Tuesday, June 03, 2008

Once and For All

Who created the Fantastic Four? The Incredible Hulk? Iron Man? Capt. America? The Avengers? Ant Man? Giant Man? The X-Men? The Mighty Thor (Don Blake)? Sgt. Fury? The Inhumans? The Silver Surfer? Galactus? Doctor Doom? Magneto? Loki (as super-villain)? The Skrulls?

You may give a different name to the creator of these comic book characters. You may claim that two people created them all.

In fact, the bulk of all of the characters who (super)peopled the pages of almost the entire run of the early days of Marvel Comics were the brainchildren of one Jack Kirby, born Jacob Kurtzberg. He was quite arguably one of the greatest comic book artists ever to work in that field. There was nothing he couldn’t draw and there was no genre he could not master. But for whatever reason, he was best employed as the creator of super heroes, known in the early days as “costumed” heroes.

He wasn’t the first to try his hand at delineating such, but he was quite probably the best. All one has to do is look at the amazing output of his long career to understand that he needed no one to “co-create” anything with him.

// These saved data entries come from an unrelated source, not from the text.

(* Let $\rho$ be a state of a $d$-dimensional system ($d<\infty$), let $A,B$ be two copies with $\rho_A=\rho_B=\rho$, and let $j$ be an integer with $1\le j\le d-1$. For each $c$, let $d^{(j,c)}:=\dim\mathcal{V}^{(j,c)}_{\rm in}$ where $\mathcal{V}^{(j,c)}_{\rm in}:=\mathrm{span}\{|n+j,m\rangle\langle n,m|: n+m=c\}$ (over $n,n+j,m\in\{0,\dots,d-1\}$). Then $$\Delta M_A^{(j)}\le\sum_{c=0}^{2d-2-j}\big\|\Pi_{c+j}(\rho\otimes\rho)^{(j)}\Pi_c\big\|_{d^{(j,c)}\text{-KF}}-\|\rho^{(j)}\|_1.$$
   Context: Local observable $L=\sum_{n=0}^{d-1}n|n\rangle\langle n|$, $L_{AB}=L\otimes\mathbb{I}+\mathbb{I}\otimes L=\sum_{c=0}^{2d-2}c\,\Pi_c$, where $\Pi_c$ is the projector onto the eigenvalue-$c$ eigenspace of $L_{AB}$. Single-system mode: $\rho^{(j)}:=\sum_n|n+j\rangle\langle n+j|\rho|n\rangle\langle n|$ (out-of-range terms omitted); bipartite mode: $X^{(j)}:=\sum_c\Pi_{c+j}X\Pi_c$. $M^{(j)}(\sigma):=\|\sigma^{(j)}\|_1$. $\Delta M_A^{(j)}:=\max_{V_{AB}}M^{(j)}(\sigma_A)-M^{(j)}(\rho)$, $\sigma_A=\mathrm{tr}_B[V_{AB}(\rho\otimes\rho)V_{AB}^\dagger]$, maximum over unitaries with $[V_{AB},L_{AB}]=0$. $\|P\|_{\alpha\text{-KF}}$ is the sum of the $\alpha$ largest singular values of $P$. *)

theory Defs
  imports "Jordan_Normal_Form.Schur_Decomposition" "HOL-Computational_Algebra.Polynomial"
    "HOL-Library.Multiset"
begin

text \<open>The d-dimensional system has basis 0..d-1; the bipartite basis vector
  |n,m> of AB has index n*d+m (A = first factor, B = second factor).\<close>

definition mtrace :: "complex mat \<Rightarrow> complex" where
  "mtrace A = (\<Sum>i<dim_row A. A $$ (i,i))"

definition hermitian :: "complex mat \<Rightarrow> bool" where
  "hermitian A \<longleftrightarrow> mat_adjoint A = A"

definition psd :: "nat \<Rightarrow> complex mat \<Rightarrow> bool" where
  "psd n A \<longleftrightarrow> A \<in> carrier_mat n n \<and> hermitian A \<and>
     (\<forall>v \<in> carrier_vec n. 0 \<le> Re (cscalar_prod (A *\<^sub>v v) v))"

He did it all himself. He brainstormed the plots. He laid out the pages. He illustrated every story and largely scripted them all, with the small caveat that sometimes he was forced to allow said dialogue to be edited, and have that editor’s name placed on his work as “co-creator” or “writer”. Alas.

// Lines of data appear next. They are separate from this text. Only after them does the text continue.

lemma abs_sum_le_card_mult:
  fixes h :: "nat \<Rightarrow> real"
  assumes "\<And>i. i \<in> {1..m} \<Longrightarrow> \<bar>h i\<bar> \<le> B"
  shows "\<bar>\<Sum>i\<in>{1..m}. h i\<bar> \<le> real m * B"
  using order_trans[OF sum_abs sum_bounded_above[of "{1..m}" "\<lambda>i. \<bar>h i\<bar>" B]] assms by simp

lemma neuron_radius_le:
  fixes w w0 :: "real^'d::finite"
  assumes "\<forall>j. \<bar>w0 $ j\<bar> \<le> e" "\<bar>b\<bar> \<le> e" "norm (w - w0) \<le> D" "6 * real CARD('d) + 54 \<le> c"
  shows "norm w0 \<le> real CARD('d) * e" "norm w \<le> real CARD('d) * e + D"
    "real CARD('d) * e + e \<le> c * e" "real CARD('d) * e + D + e \<le> c * e + D"
    "0 \<le> real CARD('d) * e + e" "0 \<le> D"
proof -
  show w0: "norm w0 \<le> real CARD('d) * e" using assms(1) by (simp add: norm_le_card_mult)
  then show "norm w \<le> real CARD('d) * e + D"
    using norm_triangle_ineq[of w0 "w - w0"] assms(3) by simp
  have "e \<ge> 0" using assms(2) by linarith
  then show "real CARD('d) * e + e \<le> c * e" "real CARD('d) * e + D + e \<le> c * e + D"
    "0 \<le> real CARD('d) * e + e"
    using mult_right_mono[of "real CARD('d) + 1" c e] assms(4) by (simp_all add: algebra_simps)
  show "0 \<le> D" using assms(3) norm_ge_zero order_trans by blast
qed

lemma abs_psi_minus_pseudo_le:
  fixes W w0 :: "nat \<Rightarrow> real^'d::finite"
  assumes init: "\<forall>i\<in>{1..m}. \<bar>a i\<bar> \<le> A0 \<and> (\<forall>j. \<bar>w0 i $ j\<bar> \<le> e) \<and> \<bar>b i\<bar> \<le> e"
    and drift: "\<forall>i\<in>{1..m}. norm (W i - w0 i) \<le> D"
    and x: "norm x \<le> 1" and c: "6 * real CARD('d) + 54 \<le> c"
  shows "\<bar>psi m a b W x - pseudo m a b w0 W x\<bar> \<le> real m * (A0 * (c * D * (c * e + D)\<^sup>2))"
  unfolding psi_eq_sum_lap_coef pseudo_eq_sum_lap_coef sum_subtractf[symmetric]
proof (rule abs_sum_le_card_mult)
  fix i assume i: "i \<in> {1..m}"
  have ai: "\<bar>a i\<bar> \<le> A0" and w0i: "\<forall>j. \<bar>w0 i $ j\<bar> \<le> e" and bi: "\<bar>b i\<bar> \<le> e"
    and Wi: "norm (W i - w0 i) \<le> D"
    using init drift i by auto
  note r = neuron_radius_le[OF w0i bi Wi c]
  have "\<bar>(W i \<bullet> x + b i) * lap_coef (W i) (b i) x - (W i \<bullet> x + b i) * lap_coef (w0 i) (b i) x\<bar>
      \<le> (4 * real CARD('d) + 36) * D * (real CARD('d) * e + e + D)\<^sup>2"
    by (rule abs_lap_coef_diff_le[OF Wi r(1) bi x])
  also have "\<dots> \<le> c * D * (c * e + D)\<^sup>2"
    using r c by (intro mult_mono power_mono) auto
  finally have "\<bar>a i * ((W i \<bullet> x + b i) * lap_coef (W i) (b i) x - (W i \<bullet> x + b i) * lap_coef (w0 i) (b i) x)\<bar>
      \<le> A0 * (c * D * (c * e + D)\<^sup>2)"
    by (rule abs_mult_le[OF ai])
  then show "\<bar>a i * (W i \<bullet> x + b i) * lap_coef (W i) (b i) x - a i * (W i \<bullet> x + b i) * lap_coef (w0 i) (b i) x\<bar>
      \<le> A0 * (c * D * (c * e + D)\<^sup>2)"
    by (simp add: algebra_simps)
qed

lemma abs_psi_le:
  fixes W w0 :: "nat \<Rightarrow> real^'d::finite"
  assumes init: "\<forall>i\<in>{1..m}. \<bar>a i\<bar> \<le> A0 \<and> (\<forall>j. \<bar>w0 i $ j\<bar> \<le> e) \<and> \<bar>b i\<bar> \<le> e"
    and drift: "\<forall>i\<in>{1..m}. norm (W i - w0 i) \<le> D"
    and x: "norm x \<le> 1" and c: "6 * real CARD('d) + 54 \<le> c"
  shows "\<bar>psi m a b W x\<bar> \<le> real m * (A0 * (c * (c * e + D) ^ 3))"
  unfolding psi_eq_sum_lap_coef
proof (rule abs_sum_le_card_mult)
  fix i assume i: "i \<in> {1..m}"
  have ai: "\<bar>a i\<bar> \<le> A0" and w0i: "\<forall>j. \<bar>w0 i $ j\<bar> \<le> e" and bi: "\<bar>b i\<bar> \<le> e"
    and Wi: "norm (W i - w0 i) \<le> D"
    using init drift i by auto
  note r = neuron_radius_le[OF w0i bi Wi c]
  have "\<bar>W i \<bullet> x + b i\<bar> \<le> c * e + D"
    using neuron_inputs_le(2)[OF r(2) bi x] r(4) by linarith
  moreover have "\<bar>lap_coef (W i) (b i) x\<bar> \<le> c * (c * e + D)\<^sup>2"
    using r c by (intro order_trans[OF abs_lap_coef_le[OF r(2) bi x]] mult_mono power_mono) auto
  ultimately have "\<bar>a i * ((W i \<bullet> x + b i) * lap_coef (W i) (b i) x)\<bar> \<le> A0 * ((c * e + D) * (c * (c * e + D)\<^sup>2))"
    using ai by (intro abs_mult_le)
  then show "\<bar>a i * (W i \<bullet> x + b i) * lap_coef (W i) (b i) x\<bar> \<le> A0 * (c * (c * e + D) ^ 3)"
    by (simp add: algebra_simps power2_eq_square power3_eq_cube)
qed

To understand the sheer power of Jacob Kurtzberg’s talent and imagination, one only has to look at the vast range of books on which he labored. He created and illustrated western comics, crime comics, romance comics, war comics, science-fiction comics, monster comics, educational comics, superhero comics…I doubt there was a subject he didn’t touch on in his life as a comics artist. I’ve heard it said that in 1962 alone he produced almost 1200 pages of comic book art. That total is astounding, and is indicative of why he never needed any kind of “co-creator”.

I’m waiting for someone to write a truly courageous and definitive biography of not just Jack Kirby, but also of Steve Ditko, Don Heck, and the editors and publishers who worked at Atlas/Marvel in the early days leading up to the creation of the series that led to Marvel becoming the premiere publisher of comic books in the USA. I want someone who is possessed of brass balls to wade into the scene and do some true investigating and interview the people left who know what was going on. I know that Steve Ditko created The Amazing Spider-Man. I know that Steve Ditko created Dr. Strange. I know that Jack Kirby created the Fantastic Four. I know that Jack Kirby created the Incredible Hulk. What I want to see stated, once and for all, is whether or not any of these books and their amazing baggage of co-stars and endless platoons of villains were needful of having a co-creator tag his name thereon.

From what evidence I can gather, only Jack Kirby created the books on which he worked. Only Steve Ditko created the books on which he lavished so much labor and intensity.

Let's have the truth, once and for all.

Steve Ditko, speaking through Spider-Man, tells us all we need to know?